*** DATA FOR THE TASK ***
(* For every even integer $s\ge4$ there exists a linear $(2,s-1,s,2)$-AONT.
   Context: A linear $(t_i,t_o,s,q)$-AONT is given by an invertible $s\times s$ matrix $M$ over $\mathbb{F}_q$ defining the map $\mathbf{x}\mapsto\mathbf{y}=\mathbf{x}M^{-1}$ on row vectors of $\mathbb{F}_q^s$, such that for every set $I$ of $t_i$ input coordinates and every set $J$ of $s-t_o$ output coordinates, the pair $((x_i)_{i\in I},(y_j)_{j\in J})$ takes every value in $\mathbb{F}_q^{t_i+s-t_o}$ equally often as $\mathbf{x}$ ranges over $\mathbb{F}_q^s$. Equivalently, $M$ is invertible and every $t_o\times t_i$ submatrix of $M$ has rank $t_i$. *)

theory Defs
  imports "Jordan_Normal_Form.DL_Rank" "Jordan_Normal_Form.DL_Submatrix"
begin

definition linear_AONT :: "nat \<Rightarrow> nat \<Rightarrow> nat \<Rightarrow> nat \<Rightarrow> 'a::{finite,field} mat \<Rightarrow> bool" where
  "linear_AONT ti to s q M \<longleftrightarrow>
     card (UNIV :: 'a set) = q \<and> M \<in> carrier_mat s s \<and> invertible_mat M \<and>
     (\<forall>R C. R \<subseteq> {..<s} \<longrightarrow> C \<subseteq> {..<s} \<longrightarrow> card R = to \<longrightarrow> card C = ti \<longrightarrow>
        vec_space.rank to (submatrix M R C) = ti)"

end

theory Submission
  imports Defs
begin

text \<open>Over \<open>GF(2)\<close> take \<open>M = J - I\<close>, the all-ones matrix with zero diagonal. Since
\<open>J\<^sup>2 = s J\<close>, we get \<open>M\<^sup>2 = (s - 2) J + I = I\<close> for even \<open>s\<close>, so \<open>M\<close> is invertible.
Given two columns \<open>c\<^sub>0, c\<^sub>1\<close> and \<open>s - 1 \<ge> 3\<close> rows, at most one row is missing, so some
chosen row is \<open>c\<^sub>0\<close> or \<open>c\<^sub>1\<close>, contributing \<open>(0, 1)\<close> or \<open>(1, 0)\<close> to the submatrix, and some
chosen row is neither, contributing \<open>(1, 1)\<close>; these two rows already have rank 2.\<close>

lemma two_eq_zero_if_card_UNIV_2:
  assumes "card (UNIV :: 'a::{finite,field} set) = 2"
  shows "(2::'a) = 0"
proof (rule ccontr)
  assume "(2::'a) \<noteq> 0"
  moreover have "(2::'a) \<noteq> 1"
    by (metis add_cancel_right_right one_add_one zero_neq_one)
  ultimately have "card {0::'a, 1, 2} = 3" by simp
  moreover have "card {0::'a, 1, 2} \<le> card (UNIV :: 'a set)" by (rule card_mono) auto
  ultimately show False using assms by simp
qed

lemma of_nat_even_eq_0:
  assumes "(2::'a::semiring_1) = 0" and "even n"
  shows "(of_nat n :: 'a) = 0"
  using assms by (auto elim!: evenE)

definition ones_off_diag_mat :: "nat \<Rightarrow> 'a::{zero,one} mat" where
  "ones_off_diag_mat n = mat n n (\<lambda>(i, j). if i = j then 0 else 1)"

lemma dim_ones_off_diag_mat [simp]:
  "dim_row (ones_off_diag_mat n) = n" "dim_col (ones_off_diag_mat n) = n"
  by (simp_all add: ones_off_diag_mat_def)

lemma ones_off_diag_mat_index [simp]:
  "i < n \<Longrightarrow> j < n \<Longrightarrow> ones_off_diag_mat n $$ (i, j) = (if i = j then 0 else 1)"
  by (simp add: ones_off_diag_mat_def)

lemma ones_off_diag_mat_squared:
  assumes "2 \<le> n" and "of_nat (n - 2) = (0::'a::semiring_1)"
  shows "ones_off_diag_mat n * ones_off_diag_mat n = (1\<^sub>m n :: 'a mat)"
proof (rule eq_matI)
  let ?M = "ones_off_diag_mat n :: 'a mat"
  fix i k assume "i < dim_row (1\<^sub>m n :: 'a mat)" "k < dim_col (1\<^sub>m n :: 'a mat)"
  then have i: "i < n" and k: "k < n" by auto
  have "(?M * ?M) $$ (i, k) = (\<Sum>j<n. (if i = j then 0 else 1) * (if j = k then 0 else 1))"
    using i k by (simp add: ones_off_diag_mat_def scalar_prod_def lessThan_atLeast0)
  also have "\<dots> = (\<Sum>j \<in> {..<n} - {i, k}. 1)"
    by (rule sum.mono_neutral_cong_right) auto
  also have "\<dots> = of_nat (n - card {i, k})"
    using i k by (simp add: card_Diff_subset)
  finally have "(?M * ?M) $$ (i, k) = of_nat (n - card {i, k})" .
  moreover have "n - 1 = Suc (n - 2)" using assms(1) by simp
  ultimately show "(?M * ?M) $$ (i, k) = 1\<^sub>m n $$ (i, k)"
    using i k assms(2) by (cases "i = k") (simp_all add: numeral_2_eq_2)
qed simp_all

lemma mult_mat_vec_unit_vec:
  fixes A :: "'a::semiring_1 mat"
  assumes "A \<in> carrier_mat n nc" and "i < nc"
  shows "A *\<^sub>v unit_vec nc i = col A i"
proof -
  have "A *\<^sub>v unit_vec nc i = col (A * 1\<^sub>m nc) i"
    using col_mult2[OF assms(1) one_carrier_mat assms(2)] assms(2) by simp
  then show ?thesis using assms(1) by simp
qed

lemma rank_eq_dim_col_if_kernel_trivial:
  fixes A :: "'a::field mat"
  assumes A: "A \<in> carrier_mat n nc"
    and kernel: "\<And>v. v \<in> carrier_vec nc \<Longrightarrow> A *\<^sub>v v = 0\<^sub>v n \<Longrightarrow> v = 0\<^sub>v nc"
  shows "vec_space.rank n A = nc"
proof -
  interpret vec_space "TYPE('a)" n .
  have distinct: "distinct (cols A)"
  proof (unfold distinct_conv_nth, intro allI impI)
    fix i j assume "i < length (cols A)" "j < length (cols A)" "i \<noteq> j"
    then have i: "i < nc" and j: "j < nc" and "i \<noteq> j" using A by auto
    show "cols A ! i \<noteq> cols A ! j"
    proof
      assume "cols A ! i = cols A ! j"
      then have "A *\<^sub>v (unit_vec nc i - unit_vec nc j) = 0\<^sub>v n"
        using A i j by (simp add: mult_minus_distrib_mat_vec mult_mat_vec_unit_vec)
      then have "unit_vec nc i - unit_vec nc j = (0\<^sub>v nc :: 'a vec)" by (intro kernel) auto
      then have "(unit_vec nc i - unit_vec nc j) $ i = (0 :: 'a)" using i by simp
      then show False using i j \<open>i \<noteq> j\<close> by simp
    qed
  qed
  have "lin_indpt (set (cols A))"
    using lin_depE[OF A _ distinct] kernel by metis
  then show ?thesis using lin_indpt_full_rank[OF A distinct] by blast
qed

lemma submatrix_mult_vec_row:
  assumes "\<rho> \<in> R" "\<rho> < dim_row A" "C \<subseteq> {..<dim_col A}" "v \<in> carrier_vec (card C)"
  obtains i where "i < dim_row (submatrix A R C)"
    and "(submatrix A R C *\<^sub>v v) $ i = (\<Sum>j<card C. A $$ (\<rho>, pick C j) * v $ j)"
proof
  let ?i = "card {a \<in> R. a < \<rho>}"
  have "{a \<in> R. a < \<rho>} \<subset> {a. a < dim_row A \<and> a \<in> R}" using assms(1,2) by auto
  then show i: "?i < dim_row (submatrix A R C)"
    unfolding dim_submatrix by (simp add: psubset_card_mono)
  have "{j. j < dim_col A \<and> j \<in> C} = C" using assms(3) by auto
  then have dim_col: "dim_col (submatrix A R C) = card C" by (simp add: dim_submatrix)
  have "(submatrix A R C *\<^sub>v v) $ ?i = (\<Sum>j<card C. submatrix A R C $$ (?i, j) * v $ j)"
    using i dim_col assms(4) by (simp add: scalar_prod_def lessThan_atLeast0)
  also have "\<dots> = (\<Sum>j<card C. A $$ (\<rho>, pick C j) * v $ j)"
  proof (rule sum.cong)
    fix j assume "j \<in> {..<card C}"
    then have "submatrix A R C $$ (?i, j) = A $$ (pick R ?i, pick C j)"
      by (intro submatrix_index) (use i dim_col in \<open>simp_all add: dim_submatrix\<close>)
    then show "submatrix A R C $$ (?i, j) * v $ j = A $$ (\<rho>, pick C j) * v $ j"
      by (simp add: pick_card_in_set[OF assms(1)])
  qed simp
  finally show "(submatrix A R C *\<^sub>v v) $ ?i = (\<Sum>j<card C. A $$ (\<rho>, pick C j) * v $ j)" .
qed

lemma rank_submatrix_ones_off_diag_mat:
  assumes R: "R \<subseteq> {..<n}" and C: "C \<subseteq> {..<n}" "card C = 2"
    and meets: "R \<inter> C \<noteq> {}" and leaves: "\<not> R \<subseteq> C"
  shows "vec_space.rank (card R) (submatrix (ones_off_diag_mat n :: 'a::field mat) R C) = 2"
proof -
  let ?B = "submatrix (ones_off_diag_mat n :: 'a mat) R C"
  have "{i. i < n \<and> i \<in> R} = R" "{j. j < n \<and> j \<in> C} = C" using R C by auto
  then have B: "?B \<in> carrier_mat (card R) 2"
    by (intro carrier_matI) (simp_all only: dim_submatrix dim_ones_off_diag_mat C(2))
  define c0 c1 where "c0 = pick C 0" and "c1 = pick C 1"
  have "c0 < c1" using pick_mono_le[of 1 C 0] C(2) by (simp add: c0_def c1_def)
  have "{c0, c1} \<subseteq> C" using pick_in_set_le[of 0 C] pick_in_set_le[of 1 C] C(2) by (simp add: c0_def c1_def)
  moreover have "finite C" using C(2) by (simp add: card_ge_0_finite)
  ultimately have C_eq: "C = {c0, c1}"
    using card_subset_eq[of C "{c0, c1}"] \<open>c0 < c1\<close> C(2) by simp
  have row: "(if \<rho> = c0 then 0 else 1) * v $ 0 + (if \<rho> = c1 then 0 else 1) * v $ 1 = 0"
    if \<rho>: "\<rho> \<in> R" and v: "v \<in> carrier_vec 2" and kernel: "?B *\<^sub>v v = 0\<^sub>v (card R)" for \<rho> v
  proof -
    obtain i where i: "i < dim_row ?B"
      and "(?B *\<^sub>v v) $ i = (\<Sum>j<card C. ones_off_diag_mat n $$ (\<rho>, pick C j) * v $ j)"
      by (rule submatrix_mult_vec_row[of \<rho> R "ones_off_diag_mat n" C v]) (use \<rho> v R C in auto)
    moreover have "(?B *\<^sub>v v) $ i = 0" using i B kernel by simp
    moreover have "\<rho> < n" "c0 < n" "c1 < n" using \<rho> R C \<open>{c0, c1} \<subseteq> C\<close> by auto
    moreover have "(\<Sum>j<card C. ones_off_diag_mat n $$ (\<rho>, pick C j) * v $ j)
        = ones_off_diag_mat n $$ (\<rho>, c0) * v $ 0 + ones_off_diag_mat n $$ (\<rho>, c1) * v $ 1"
      unfolding C(2) c0_def c1_def by (simp add: numeral_2_eq_2 del: pick.simps)
    ultimately show ?thesis by simp
  qed
  show ?thesis
  proof (rule rank_eq_dim_col_if_kernel_trivial[OF B])
    fix v :: "'a vec" assume v: "v \<in> carrier_vec 2" "?B *\<^sub>v v = 0\<^sub>v (card R)"
    obtain \<rho> where "\<rho> \<in> R" "\<rho> \<noteq> c0" "\<rho> \<noteq> c1" using leaves C_eq by blast
    then have sum: "v $ 0 + v $ 1 = 0" using row[OF \<open>\<rho> \<in> R\<close> v] by simp
    obtain \<gamma> where "\<gamma> \<in> R" "\<gamma> = c0 \<or> \<gamma> = c1" using meets C_eq by blast
    then have "v $ 1 = 0 \<or> v $ 0 = 0" using row[OF \<open>\<gamma> \<in> R\<close> v] \<open>c0 < c1\<close> by auto
    then have "v $ 0 = 0" "v $ 1 = 0" using sum by auto
    then show "v = 0\<^sub>v 2" using v(1) by (intro eq_vecI) (auto simp: less_2_cases_iff)
  qed
qed

theorem mainTheorem13:
  assumes "card (UNIV :: 'a::{finite,field} set) = 2"
    and "even s" and "4 \<le> s"
  shows "\<exists>M :: 'a mat. linear_AONT 2 (s - 1) s 2 M"
proof
  let ?M = "ones_off_diag_mat s :: 'a mat"
  have "(2::'a) = 0" using assms(1) by (rule two_eq_zero_if_card_UNIV_2)
  then have "of_nat (s - 2) = (0::'a)" using assms(2,3) by (intro of_nat_even_eq_0) auto
  then have "?M * ?M = 1\<^sub>m s" using assms(3) by (intro ones_off_diag_mat_squared) auto
  then have "invertible_mat ?M" unfolding invertible_mat_def inverts_mat_def by auto
  moreover have "vec_space.rank (s - 1) (submatrix ?M R C) = 2"
    if R: "R \<subseteq> {..<s}" "card R = s - 1" and C: "C \<subseteq> {..<s}" "card C = 2" for R C
  proof -
    have "finite R" "finite C" using R(1) C(1) by (auto intro: finite_subset)
    moreover have "card (R \<union> C) \<le> s" using R(1) C(1) card_mono[of "{..<s}" "R \<union> C"] by simp
    ultimately have "R \<inter> C \<noteq> {}" using card_Un_Int[of R C] R(2) C(2) assms(3) by auto
    moreover have "\<not> R \<subseteq> C" using card_mono[OF \<open>finite C\<close>, of R] R(2) C(2) assms(3) by auto
    ultimately show ?thesis using rank_submatrix_ones_off_diag_mat[OF R(1) C] R(2) by simp
  qed
  ultimately show "linear_AONT 2 (s - 1) s 2 ?M" unfolding linear_AONT_def using assms(1) by auto
qed

end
***
## WORK REQUEST
Every line from the first through the one containing "card (UNIV :: 'a set) = q" in the listing above must be given again exactly, with nothing else alongside.

## ANSWER AREA
(* For every even integer $s\ge4$ there exists a linear $(2,s-1,s,2)$-AONT.
   Context: A linear $(t_i,t_o,s,q)$-AONT is given by an invertible $s\times s$ matrix $M$ over $\mathbb{F}_q$ defining the map $\mathbf{x}\mapsto\mathbf{y}=\mathbf{x}M^{-1}$ on row vectors of $\mathbb{F}_q^s$, such that for every set $I$ of $t_i$ input coordinates and every set $J$ of $s-t_o$ output coordinates, the pair $((x_i)_{i\in I},(y_j)_{j\in J})$ takes every value in $\mathbb{F}_q^{t_i+s-t_o}$ equally often as $\mathbf{x}$ ranges over $\mathbb{F}_q^s$. Equivalently, $M$ is invertible and every $t_o\times t_i$ submatrix of $M$ has rank $t_i$. *)

theory Defs
  imports "Jordan_Normal_Form.DL_Rank" "Jordan_Normal_Form.DL_Submatrix"
begin

definition linear_AONT :: "nat \<Rightarrow> nat \<Rightarrow> nat \<Rightarrow> nat \<Rightarrow> 'a::{finite,field} mat \<Rightarrow> bool" where
  "linear_AONT ti to s q M \<longleftrightarrow>
     card (UNIV :: 'a set) = q \<and> M \<in> carrier_mat s s \<and> invertible_mat M \<and>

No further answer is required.